Symptoms are proportional to the fraction of methemoglobin. A normal methemoglobin
fraction is about 1% (range, 0-3%).
At methemoglobin levels of 3-15%, a slight discoloration (eg, pale, gray, blue) of the
skin may be present.
Patients with methemoglobin levels of 15-20% may be relatively asymptomatic, apart
from mild cyanosis.
Signs and symptoms at levels of 25-50% include the following:
Headache
Dyspnea
Lightheadedness, even syncope
Weakness
Confusion
Palpitations, chest pain
Methemoglobin levels of 50-70% can cause the following:
Cardiovascular - Abnormal cardiac rhythms
CNS - Altered mental status; delirium, seizures, coma
Metabolic - Profound acidosis
At methemoglobin fractions exceeding 70%, death usually results. [8]

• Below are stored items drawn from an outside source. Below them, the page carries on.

(* Let $m\ge2$ be an integer and let $A$ be a left brace with $A^{(3)}=A^{m+1}=\{0\}$. Let $a\in A$, define $a_1=a$ and $a_{j+1}=a*a_j$ for $j\ge1$, and let $S$ be the subbrace of $A$ generated by $a$. For $1\le r\le m$ let \[S_r=\Bigl\{\sum_{k=r}^m t_ka_k\;\Big|\; t_k\in\mathbb{Z},\ r\le k\le m\Bigr\}.\] Then $S^r=S_r$ for all $1\le r\le m$, and $S^r=\{0\}$ for $r\ge m+1$. Here $S^r$ is computed inside the left brace $S$.
   Context: A left brace $(A,+,\cdot)$ is a set $A$ with two binary operations such that $(A,+)$ is an abelian group, $(A,\cdot)$ is a group, and $a(b+c)=ab-a+ac$ for all $a,b,c\in A$. In a left brace, $a*b=-a+ab-b$. For subsets $L,M\subseteq A$, $L*M$ is the subgroup of $(A,+)$ generated by $\{l*m\mid l\in L,m\in M\}$. Set $A^{(1)}=A$, $A^{(r+1)}=A^{(r)}*A$, and $A^1=A$, $A^{r+1}=A*A^r$ for $r\ge1$. A subbrace is a subset that is a subgroup of both $(A,+)$ and $(A,\cdot)$ (hence itself a left brace); the subbrace generated by $a$ is the intersection of all subbraces containing $a$. *)

theory Defs
  imports "HOL-Algebra.Algebra"
begin

text \<open>A left brace is given by two monoid structures on the same carrier:
  P (the additive group, written multiplicatively in HOL-Algebra) and M (the multiplicative group).\<close>

definition left_brace :: "'a monoid \<Rightarrow> 'a monoid \<Rightarrow> bool" where
  "left_brace P M \<longleftrightarrow> carrier P = carrier M \<and> comm_group P \<and> group M \<and>
     (\<forall>a\<in>carrier P. \<forall>b\<in>carrier P. \<forall>c\<in>carrier P.
        a \<otimes>\<^bsub>M\<^esub> (b \<otimes>\<^bsub>P\<^esub> c)
          = ((a \<otimes>\<^bsub>M\<^esub> b) \<otimes>\<^bsub>P\<^esub> inv\<^bsub>P\<^esub> a) \<otimes>\<^bsub>P\<^esub> (a \<otimes>\<^bsub>M\<^esub> c))"

definition brace_star :: "'a monoid \<Rightarrow> 'a monoid \<Rightarrow> 'a \<Rightarrow> 'a \<Rightarrow> 'a" where
  "brace_star P M a b = (inv\<^bsub>P\<^esub> a \<otimes>\<^bsub>P\<^esub> (a \<otimes>\<^bsub>M\<^esub> b)) \<otimes>\<^bsub>P\<^esub> inv\<^bsub>P\<^esub> b"

definition brace_prod :: "'a monoid \<Rightarrow> 'a monoid \<Rightarrow> 'a set \<Rightarrow> 'a set \<Rightarrow> 'a set" where
  "brace_prod P M L K = generate P {brace_star P M l k | l k. l \<in> L \<and> k \<in> K}"

text \<open>A^r (left series): A^1 = A, A^(r+1) = A * A^r. Index 0 is unused (set to A).\<close>
fun brace_power :: "'a monoid \<Rightarrow> 'a monoid \<Rightarrow> nat \<Rightarrow> 'a set" where
  "brace_power P M 0 = carrier P"
| "brace_power P M (Suc 0) = carrier P"
| "brace_power P M (Suc (Suc n)) = brace_prod P M (carrier P) (brace_power P M (Suc n))"

text \<open>A^(r) (right series): A^(1) = A, A^(r+1) = A^(r) * A. Index 0 is unused (set to A).\<close>
fun brace_derived :: "'a monoid \<Rightarrow> 'a monoid \<Rightarrow> nat \<Rightarrow> 'a set" where
  "brace_derived P M 0 = carrier P"
| "brace_derived P M (Suc 0) = carrier P"
| "brace_derived P M (Suc (Suc n)) = brace_prod P M (brace_derived P M (Suc n)) (carrier P)"

definition subbrace :: "'a monoid \<Rightarrow> 'a monoid \<Rightarrow> 'a set \<Rightarrow> bool" where
  "subbrace P M B \<longleftrightarrow> subgroup B P \<and> subgroup B M"

definition subbrace_gen :: "'a monoid \<Rightarrow> 'a monoid \<Rightarrow> 'a \<Rightarrow> 'a set" where
  "subbrace_gen P M a = \<Inter>{B. subbrace P M B \<and> a \<in> B}"

text \<open>a_1 = a, a_(j+1) = a * a_j (meaningful for j \<ge> 1)\<close>
definition brace_seq :: "'a monoid \<Rightarrow> 'a monoid \<Rightarrow> 'a \<Rightarrow> nat \<Rightarrow> 'a" where
  "brace_seq P M a j = ((brace_star P M a) ^^ (j - 1)) a"

end

theory Submission
  imports Defs
begin

text \<open>Let \<open>S\<^sub>j\<close> be the additive subgroup generated by \<open>a\<^sub>j, \<dots>, a\<^sub>m\<close>, so that
  \<open>a * S\<^sub>j \<subseteq> S\<^sub>j\<^sub>+\<^sub>1\<close> because \<open>a * a\<^sub>k = a\<^sub>k\<^sub>+\<^sub>1\<close> and \<open>a\<^sub>m\<^sub>+\<^sub>1 \<in> A\<^sup>m\<^sup>+\<^sup>1 = 0\<close>.
  Since \<open>A\<^sup>(\<^sup>3\<^sup>) = 0\<close>, elements of \<open>A * A\<close> act trivially from the left and
  \<open>(x + y) * z = x * (y * z) + y * z + x * z\<close>; hence the elements \<open>x\<close> with
  \<open>x * S\<^sub>j \<subseteq> S\<^sub>j\<^sub>+\<^sub>1\<close> for all \<open>j\<close> form an additive subgroup containing \<open>a\<close> and
  \<open>a\<^sub>2, a\<^sub>3, \<dots> \<in> A * A\<close>, i.e. containing \<open>S\<^sub>1\<close>. So \<open>S\<^sub>1\<close> is closed under
  \<open>x \<circ> y = x + x * y + y\<close>, and under inverses because \<open>\<lambda>\<^sub>x = id + (x * \<cdot>)\<close> is
  unipotent with respect to the finite filtration \<open>S\<^sub>1 \<supseteq> S\<^sub>2 \<supseteq> \<dots> \<supseteq> S\<^sub>m\<^sub>+\<^sub>1 = 0\<close>.
  Thus \<open>S = S\<^sub>1\<close>, and \<open>S * S\<^sub>j = S\<^sub>j\<^sub>+\<^sub>1\<close> gives \<open>S\<^sup>r = S\<^sub>r\<close>.\<close>

lemma (in comm_group) subgroup_finprod_closed:
  assumes H: "subgroup H G" and "finite I" and f: "\<And>i. i \<in> I \<Longrightarrow> f i \<in> H"
  shows "finprod G f I \<in> H"
  using assms(2,3)
proof (induction I rule: finite_induct)
  case empty
  then show ?case by (simp add: subgroup.one_closed[OF H])
next
  case (insert i I)
  then have "f \<in> insert i I \<rightarrow> carrier G"
    using subgroup.mem_carrier[OF H] by blast
  with insert show ?case
    by (simp add: subgroup.m_closed[OF H])
qed

lemma (in comm_group) finprod_int_pow_add:
  fixes s t :: "'i \<Rightarrow> int"
  assumes "f \<in> I \<rightarrow> carrier G"
  shows "finprod G (\<lambda>k. f k [^] s k) I \<otimes> finprod G (\<lambda>k. f k [^] t k) I
           = finprod G (\<lambda>k. f k [^] (s k + t k)) I"
proof -
  have "finprod G (\<lambda>k. f k [^] s k) I \<otimes> finprod G (\<lambda>k. f k [^] t k) I
          = finprod G (\<lambda>k. f k [^] s k \<otimes> f k [^] t k) I"
    using assms by (intro finprod_multf[symmetric]) (auto simp: Pi_iff)
  also have "\<dots> = finprod G (\<lambda>k. f k [^] (s k + t k)) I"
    using assms by (intro finprod_cong') (auto simp: int_pow_mult Pi_iff)
  finally show ?thesis .
qed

Infants and children can develop methemoglobinemia in association with metabolic
acidosis that is caused by prolonged dehydration and diarrhea. Sources of accidental
toxin exposure that must be considered in infants and children include ingestion of
water from wells contaminated with excess nitrates and exposure to local anesthetics in
teething gels
The clinical effects of methemoglobinemia are exacerbated in the presence of anemia.
Physical Examination
The physical examination of patients with suspected methemoglobinemia should
include examination of the skin and mucous membranes. Vital signs should be
documented, and mental status should be assessed. Careful attention should be paid to
the cardiac, respiratory, and circulatory examinations to assess for evidence of an
underlying disease (either congenital or acquired). [9]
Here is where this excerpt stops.